「裸」貸しとは、担保なしの融資のこと
銀行を舞台にした小説や、銀行マン向けの書籍を
読んでいると、業界特有の用語が出てきます。
その言葉の意味を知るほどに、銀行はつねに、
いかにして自分たちの立場を有利にしようとしているか、
しか考えていない、ということがわかってきます。
①「裸」(はだか)貸し
「あの会社、“裸”はいくらだ?」
元銀行マンの書いた小説には、このセリフがよく登場します。
これは、
「あの会社に、担保なしで貸しているお金はいくらだ?」
という意味です。
担保なしで融資していることを、「裸」(はだか)貸し、
と言うのです。
担保なく、「裸」で貸すことは、
銀行にとってはリスクがある融資だ、ということです。
回収の危機に陥った時、「裸」貸しがあると、
回収不能の可能性が出てきます。
そうなると、
担当者やその上司、支店長の個人成績に響くのです。
なので、融資の際には、とにかく担保を要求してきたのです。
しかし、それも融資があっての話しです。
今や融資そのものが、他の銀行との奪い合いです。
「うちなら担保なしでお貸ししますよ!」
と、「裸」貸しが当たり前のようになってきました。
何事も、競争が過剰になると、安売りするしかないのです。
裸貸しが当たり前でも、なるべく担保をとりたい銀行員
なのに、いまだに「お金を借りるには担保がいる」
と思い込んでいる経営者もいます。
「今はもう、担保なしで借りれる時代ですよ!」
と言っても、
「いや、うちにくる銀行員は、
担保がなくては貸せない、て言いますよ。
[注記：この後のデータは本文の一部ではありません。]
lemma (in module) subspace_Union_chain:
  assumes "\<C> \<noteq> {}" and "subset.chain (Collect subspace) \<C>"
  shows "subspace (\<Union>\<C>)"
proof (rule subspaceI)
  have sub: "\<And>S. S \<in> \<C> \<Longrightarrow> subspace S"
    using assms(2) by (auto simp: subset_chain_def)
  show "0 \<in> \<Union>\<C>" using assms(1) sub subspace_0 by blast
  show "x + y \<in> \<Union>\<C>" if xy: "x \<in> \<Union>\<C>" "y \<in> \<Union>\<C>" for x y
  proof -
    obtain S where "S \<in> \<C>" "x \<in> S" "y \<in> S"
      using subset_chain_Union_common_member[OF assms(2) xy] by blast
    then show ?thesis using sub subspace_add by blast
  qed
  show "c *s x \<in> \<Union>\<C>" if "x \<in> \<Union>\<C>" for c x
    using that sub subspace_scale by blast
qed

lemma noetherian_ring_ex_maximal:
  fixes \<S> :: "'a::comm_ring_1 set set"
  assumes "noetherian_ring TYPE('a)" and "\<S> \<noteq> {}" and "\<And>I. I \<in> \<S> \<Longrightarrow> r_ideal I"
  shows "\<exists>I\<in>\<S>. \<forall>J\<in>\<S>. I \<subseteq> J \<longrightarrow> J = I"
proof (rule subset_Zorn_nonempty[OF assms(2)])
  interpret R: module "(*) :: 'a \<Rightarrow> 'a \<Rightarrow> 'a" by (rule module_mult)
  fix \<C> assume "\<C> \<noteq> {}" and chain: "subset.chain \<S> \<C>"
  have "subset.chain (Collect R.subspace) \<C>"
    using chain assms(3) by (auto simp: subset_chain_def r_ideal_def)
  then have "r_ideal (\<Union>\<C>)"
    unfolding r_ideal_def using R.subspace_Union_chain \<open>\<C> \<noteq> {}\<close> by blast
  then obtain F where "finite F" and F: "\<Union>\<C> = R.span F"
    using assms(1) by (auto simp: noetherian_ring_def)
  moreover have "F \<subseteq> \<Union>\<C>" unfolding F by (rule R.span_superset)
  ultimately obtain B where "B \<in> \<C>" "F \<subseteq> B"
    using finite_subset_Union_chain \<open>\<C> \<noteq> {}\<close> chain by metis
  moreover have "R.subspace B" using \<open>B \<in> \<C>\<close> chain assms(3) by (auto simp: subset_chain_def r_ideal_def)
  ultimately have "\<Union>\<C> = B" using F R.span_minimal by blast
  then show "\<Union>\<C> \<in> \<S>" using \<open>B \<in> \<C>\<close> chain by (auto simp: subset_chain_def)
qed

definition scale_prod ::
  "('a \<Rightarrow> 'm \<Rightarrow> 'm) \<Rightarrow> ('a \<Rightarrow> 'e \<Rightarrow> 'e) \<Rightarrow> 'a \<Rightarrow> 'm \<times> 'e \<Rightarrow> 'm \<times> 'e" where
  "scale_prod sM sE r p = (sM r (fst p), sE r (snd p))"

lemma module_scale_prod:
  assumes "module sM" and "module sE"
  shows "module (scale_prod sM sE)"
proof -
  interpret M: module sM by fact
  interpret E: module sE by fact
  show ?thesis
    by unfold_locales
      (auto simp: scale_prod_def M.scale_right_distrib E.scale_right_distrib
        M.scale_left_distrib E.scale_left_distrib)
qed

definition linear_graph ::
  "('a::comm_ring_1 \<Rightarrow> 'm::ab_group_add \<Rightarrow> 'm) \<Rightarrow> ('a \<Rightarrow> 'e::ab_group_add \<Rightarrow> 'e) \<Rightarrow> ('m \<times> 'e) set \<Rightarrow> bool"
  where "linear_graph sM sE G \<longleftrightarrow> module.subspace (scale_prod sM sE) G \<and> single_valued G"

lemma linear_graph_Union_chain:
  assumes "module sM" and "module sE"
    and "\<C> \<noteq> {}" and chain: "subset.chain (Collect (linear_graph sM sE)) \<C>"
  shows "linear_graph sM sE (\<Union>\<C>)"
proof -
  interpret P: module "scale_prod sM sE" using assms(1,2) by (rule module_scale_prod)
  have "subset.chain (Collect P.subspace) \<C>"
    using chain by (auto simp: subset_chain_def linear_graph_def)
  then have "P.subspace (\<Union>\<C>)" using P.subspace_Union_chain \<open>\<C> \<noteq> {}\<close> by blast
  moreover have "single_valued (\<Union>\<C>)"
  proof (rule single_valuedI)
    fix x y z assume "(x, y) \<in> \<Union>\<C>" "(x, z) \<in> \<Union>\<C>"
    then obtain G where "G \<in> \<C>" "(x, y) \<in> G" "(x, z) \<in> G"
      using subset_chain_Union_common_member[OF chain] by blast
    moreover have "single_valued G"
      using \<open>G \<in> \<C>\<close> chain by (auto simp: subset_chain_def linear_graph_def)
    ultimately show "y = z" by (auto dest: single_valuedD)
  qed
  ultimately show ?thesis by (simp add: linear_graph_def)
qed

definition adjoin_graph ::
  "('a \<Rightarrow> 'm::ab_group_add \<Rightarrow> 'm) \<Rightarrow> ('a \<Rightarrow> 'e::ab_group_add \<Rightarrow> 'e) \<Rightarrow> ('m \<times> 'e) set \<Rightarrow> 'm \<Rightarrow> 'e \<Rightarrow> ('m \<times> 'e) set"
  where "adjoin_graph sM sE G x e = {p + scale_prod sM sE r (x, e) | p r. p \<in> G}"

lemma adjoin_graph_superset:
  assumes "module sM" and "module sE" and "(0, 0) \<in> G"
  shows "G \<subseteq> adjoin_graph sM sE G x e" and "(x, e) \<in> adjoin_graph sM sE G x e"
proof -
  interpret P: module "scale_prod sM sE" using assms(1,2) by (rule module_scale_prod)
  have "p = p + scale_prod sM sE 0 (x, e)" for p by simp
  then show "G \<subseteq> adjoin_graph sM sE G x e" unfolding adjoin_graph_def by blast
  have "(x, e) = (0, 0) + scale_prod sM sE 1 (x, e)" by simp
  then show "(x, e) \<in> adjoin_graph sM sE G x e" unfolding adjoin_graph_def using assms(3) by blast
qed
text \<open>A support plane of \<open>\<phi>\<^sup>-\<close> over the open disc stays below \<open>\<phi>\<close> on the circle: compare
  the two along the radius through a boundary point, using \<open>phi_minus_radial_bound\<close>.\<close>

lemma Sigma_lower_eq:
  assumes "\<xi> \<in> ball 0 1"
  shows "Sigma_lower \<phi> \<xi> = {\<sigma> \<in> affine_minorants \<phi>. aff \<sigma> \<xi> = phi_minus \<phi> \<xi>}"
proof (intro equalityI subsetI)
  fix \<sigma> assume "\<sigma> \<in> {\<sigma> \<in> affine_minorants \<phi>. aff \<sigma> \<xi> = phi_minus \<phi> \<xi>}"
  then show "\<sigma> \<in> Sigma_lower \<phi> \<xi>" by (auto simp: Sigma_lower_def minorant_le_phi_minus)
next
  fix \<sigma> assume \<sigma>: "\<sigma> \<in> Sigma_lower \<phi> \<xi>"
  have "aff \<sigma> z - \<phi> z \<le> 0" if z: "norm z = 1" for z
  proof (rule nonpos_if_scaled_le)
    fix r :: real assume r: "0 \<le> r" "r < 1"
    have "of_real r * z \<in> ball 0 1" using z r by (simp add: norm_mult)
    then have "aff \<sigma> (of_real r * z) \<le> phi_minus \<phi> (of_real r * z)"
      using \<sigma> by (simp add: Sigma_lower_def)
    also have "\<dots> \<le> r * \<phi> z + (1 - r) * M" using phi_minus_radial_bound z r by simp
    finally show "r * (aff \<sigma> z - \<phi> z) \<le> (1 - r) * (M - aff \<sigma> 0)"
      by (simp add: aff_def algebra_simps)
  qed
  then show "\<sigma> \<in> {\<sigma> \<in> affine_minorants \<phi>. aff \<sigma> \<xi> = phi_minus \<phi> \<xi>}"
    using \<sigma> by (simp add: affine_minorants_def Sigma_lower_def)
qed
(* Let $P_Z$ be a distribution on $\mathcal{Z}$. Let $\tilde S=(\tilde Z_1,\ldots,\tilde Z_{2n})$ consist of $2n$ i.i.d. samples from $P_Z$, let $U=(U_1,\ldots,U_n)$ be i.i.d. Bernoulli$(1/2)$ random variables independent of $\tilde S$, let $Z_i=\tilde Z_{i+U_in}$ and $S=(Z_1,\ldots,Z_n)$, and let $W\in\mathcal{W}$ be produced from $S$ by a learning algorithm $P_{W|S}$. Let $\ell:\mathcal{W}\times\mathcal{Z}\to\mathbb{R}$ be a loss function such that $(\mathcal{W},\rho)$ is Polish and $w\mapsto\ell(w,z)$ is $L$-Lipschitz under $\rho$ for every $z\in\mathcal{Z}$. Let $\tilde S_i=(\tilde Z_i,\tilde Z_{i+n})$. Then $$\big|\overline{\mathrm{gen}}(W,S)\big|\le \frac{2L}{n}\sum_{i=1}^n\mathbb{E}\big[\mathbb{W}(P_{W|\tilde S_i,U_i},P_{W|\tilde S_i})\big].$$
   Context: Population risk $\mathscr{L}_{P_Z}(w)=\mathbb{E}[\ell(w,Z)]$, $Z\sim P_Z$; empirical risk $\mathscr{L}_s(w)=\frac1n\sum_{i=1}^n\ell(w,z_i)$; $\overline{\mathrm{gen}}(W,S)=\mathbb{E}[\mathscr{L}_{P_Z}(W)-\mathscr{L}_S(W)]$. $L$-Lipschitz under $\rho$ means $|f(x)-f(y)|\le L\rho(x,y)$. $\mathbb{W}$ is the order-1 Wasserstein distance with respect to $\rho$: $\mathbb{W}(P,Q)=\inf_{R\in\Pi(P,Q)}\int\rho(x,y)\,dR(x,y)$. *)

theory Defs
  imports "HOL-Probability.Probability"
begin

definition couplings :: "'w::metric_space measure \<Rightarrow> 'w measure \<Rightarrow> ('w \<times> 'w) measure set" where
  "couplings P Q = {R. sets R = sets (borel \<Otimes>\<^sub>M borel) \<and>
       distr R borel fst = P \<and> distr R borel snd = Q}"

definition wasserstein1 :: "'w::metric_space measure \<Rightarrow> 'w measure \<Rightarrow> ennreal" where
  "wasserstein1 P Q = (INF R\<in>couplings P Q. \<integral>\<^sup>+ p. ennreal (dist (fst p) (snd p)) \<partial>R)"

definition is_cond_distr ::
  "'o measure \<Rightarrow> 'a measure \<Rightarrow> ('o \<Rightarrow> 'a) \<Rightarrow> 'b measure \<Rightarrow> ('o \<Rightarrow> 'b) \<Rightarrow> ('a \<Rightarrow> 'b measure) \<Rightarrow> bool" where
  "is_cond_distr M MX X N Y kappa \<longleftrightarrow>
     X \<in> measurable M MX \<and> Y \<in> measurable M N \<and>
     kappa \<in> measurable MX (prob_algebra N) \<and>
     (\<forall>A\<in>sets MX. \<forall>B\<in>sets N.
        emeasure M {\<omega>\<in>space M. X \<omega> \<in> A \<and> Y \<omega> \<in> B} =
        (\<integral>\<^sup>+ x. indicator A x * emeasure (kappa x) B \<partial>(distr M MX X)))"

definition sel_sample :: "nat \<Rightarrow> (nat \<Rightarrow> 'z) \<Rightarrow> (nat \<Rightarrow> bool) \<Rightarrow> nat \<Rightarrow> 'z" where
  "sel_sample n zt u = (\<lambda>i\<in>{..<n}. zt (if u i then i + n else i))"

definition supersample_space ::
  "'z measure \<Rightarrow> nat \<Rightarrow> ((nat \<Rightarrow> 'z) \<Rightarrow> 'w::topological_space measure)
     \<Rightarrow> ((nat \<Rightarrow> 'z) \<times> (nat \<Rightarrow> bool) \<times> 'w) measure" where
  "supersample_space PZ n K =
     PiM {..<2*n} (\<lambda>_. PZ) \<bind> (\<lambda>zt.
     PiM {..<n} (\<lambda>_. measure_pmf (bernoulli_pmf (1/2))) \<bind> (\<lambda>u.
     K (sel_sample n zt u) \<bind> (\<lambda>w.
     return (PiM {..<2*n} (\<lambda>_. PZ) \<Otimes>\<^sub>M
             (PiM {..<n} (\<lambda>_. measure_pmf (bernoulli_pmf (1/2))) \<Otimes>\<^sub>M borel)) (zt, u, w))))"

end

theory Submission
  imports Defs
begin

(* Fix an index i. Hence the population risk is the
   expected loss of W at the ghost sample, and the expected generalization gap is the mean over i
   of E[g(S~_i, U_i, W)], where g is the loss at the ghost sample minus the loss at the training
   sample. Now g changes sign when U_i is flipped, and U_i is a fair coin independent of S~_i, so
   integrating g against any kernel of S~_i alone, in particular P_{W|S~_i}, yields a quantity of
   mean zero. Subtracting it from E[g] = E[int g dP_{W|S~_i,U_i}] and using that g(s, u, .) is
   2L-Lipschitz, the easy direction of Kantorovich-Rubinstein duality bounds the i-th term by
   2L E[W(P_{W|S~_i,U_i}, P_{W|S~_i})]. *)

section \<open>Elementary integral estimates\<close>

lemma abs_integral_le_nn_integral_abs_diff:
  fixes f g :: "'a \<Rightarrow> real"
  assumes f: "integrable M f" and g: "g \<in> borel_measurable M" and "(\<integral>x. g x \<partial>M) = 0"
  shows "ennreal \<bar>\<integral>x. f x \<partial>M\<bar> \<le> (\<integral>\<^sup>+x. ennreal \<bar>f x - g x\<bar> \<partial>M)"
proof (cases "integrable M g")
  case True
  then have "\<bar>\<integral>x. f x \<partial>M\<bar> = \<bar>\<integral>x. f x - g x \<partial>M\<bar>"
    using f \<open>(\<integral>x. g x \<partial>M) = 0\<close> by simp
  also have "\<dots> \<le> (\<integral>x. \<bar>f x - g x\<bar> \<partial>M)"
    by (rule integral_abs_bound)
  finally show ?thesis
    using f True by (simp add: ennreal_leI nn_integral_eq_integral)
next
  case False
  then have "\<not> integrable M (\<lambda>x. f x - g x)"
    using Bochner_Integration.integrable_diff[OF f, of "\<lambda>x. f x - g x"] by auto
  then have "(\<integral>\<^sup>+x. ennreal \<bar>f x - g x\<bar> \<partial>M) = \<infinity>"
    using f g by (simp add: integrable_iff_bounded less_top[symmetric])
  then show ?thesis
    by simp
qed

(* Unlike nn_integral_cmult, no measurability of g is required. *)
lemma nn_integral_le_ennreal_cmult:
  assumes f: "f \<in> borel_measurable M" and le: "\<And>x. x \<in> space M \<Longrightarrow> f x \<le> ennreal c * g x"
  shows "(\<integral>\<^sup>+x. f x \<partial>M) \<le> ennreal c * (\<integral>\<^sup>+x. g x \<partial>M)"
proof (cases "c > 0")
  case True
  have "(\<integral>\<^sup>+x. f x \<partial>M) = ennreal c * (\<integral>\<^sup>+x. f x / ennreal c \<partial>M)"
    using True f by (simp add: nn_integral_divide ennreal_times_divide mult.commute[of "ennreal c"] ennreal_mult_divide_eq)
  also have "\<dots> \<le> ennreal c * (\<integral>\<^sup>+x. g x \<partial>M)"
    using True le by (intro mult_left_mono nn_integral_mono divide_le_posI_ennreal) simp_all
  finally show ?thesis .
next
  case False
  then have "ennreal c = 0"
    by (simp add: ennreal_eq_0_iff)
  then have "f x = 0" if "x \<in> space M" for x
    using le[OF that] by simp
  then have "(\<integral>\<^sup>+x. f x \<partial>M) = 0"
    by (simp cong: nn_integral_cong)
  then show ?thesis
    by simp
qed

lemma integral_diff_mean:
  fixes f :: "'a \<Rightarrow> real" and g :: "nat \<Rightarrow> 'a \<Rightarrow> real"
  assumes f: "integrable M f" and g: "\<And>i. i < n \<Longrightarrow> integrable M (g i)"
  shows "(\<integral>x. f x - (1 / real n) * (\<Sum>i<n. g i x) \<partial>M) = (\<integral>x. f x \<partial>M) - (1 / real n) * (\<Sum>i<n. \<integral>x. g i x \<partial>M)"
proof -
  have "integrable M (\<lambda>x. \<Sum>i<n. g i x)"
    using g by (intro Bochner_Integration.integrable_sum) simp
  then have "(\<integral>x. f x - (1 / real n) * (\<Sum>i<n. g i x) \<partial>M) = (\<integral>x. f x \<partial>M) - (1 / real n) * (\<integral>x. (\<Sum>i<n. g i x) \<partial>M)"
    using f by simp
  also have "(\<integral>x. (\<Sum>i<n. g i x) \<partial>M) = (\<Sum>i<n. \<integral>x. g i x \<partial>M)"
    using g by (intro Bochner_Integration.integral_sum) simp
  finally show ?thesis .
qed

lemma ennreal_abs_mean_le:
  fixes a :: "nat \<Rightarrow> real" and b :: "nat \<Rightarrow> ennreal"
  assumes ab: "\<And>i. i < n \<Longrightarrow> ennreal \<bar>a i\<bar> \<le> ennreal c * b i" and c: "0 \<le> c"
  shows "ennreal \<bar>(1 / real n) * (\<Sum>i<n. a i)\<bar> \<le> ennreal (c / real n) * (\<Sum>i<n. b i)"
proof -
  have "ennreal \<bar>(1 / real n) * (\<Sum>i<n. a i)\<bar> \<le> ennreal (1 / real n) * ennreal (\<Sum>i<n. \<bar>a i\<bar>)"
    by (simp add: abs_mult sum_abs divide_right_mono ennreal_leI flip: ennreal_mult)
  also have "\<dots> = ennreal (1 / real n) * (\<Sum>i<n. ennreal \<bar>a i\<bar>)"
    by (simp add: sum_ennreal)
  also have "\<dots> \<le> ennreal (1 / real n) * (\<Sum>i<n. ennreal c * b i)"
    by (intro mult_left_mono sum_mono ab) auto
  also have "\<dots> = ennreal (1 / real n) * ennreal c * (\<Sum>i<n. b i)"
    by (simp add: sum_distrib_left mult.assoc)
  also have "\<dots> = ennreal (c / real n) * (\<Sum>i<n. b i)"
    using c by (simp flip: ennreal_mult)
  finally show ?thesis .
qed

lemma emeasure_distr_nn_integral:
  assumes "g \<in> M \<rightarrow>\<^sub>M N" and "A \<in> sets N"
  shows "emeasure (distr M N g) A = (\<integral>\<^sup>+x. indicator A (g x) \<partial>M)"
  using nn_integral_distr[OF assms(1), of "indicator A"] assms(2) by simp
」
と反論する方がいるのです。
「それは社長がそう思い込んでいるだけですよ!
ところで何行と取引しているんですか?」と尋ねると、
「1行です。」と返ってきました。
結局、昔からのつきあいだから、
と1行取引にこだわっているのです。
銀行にしたら、競争相手がいないのですから、
どうとでも言えます。
「担保なしで借りれないのか?」と言っても、
「いやぁ、担保がなくては貸せないですねぇ。」で終わりです。
担保なしの、「裸」貸しが当たり前の時代になったとはいえ、
それでも銀行員はできることなら、
担保をとりたい、と考えています。
自分の立場を守るには、当然なのです。
次に担保の話しをする際には、
「今回も“裸”で貸してくださいよ!」
と言ってみてください。
銀行員は、自分たちだけの業界用語のはずなのに、
と、ドキッとするかもしれません。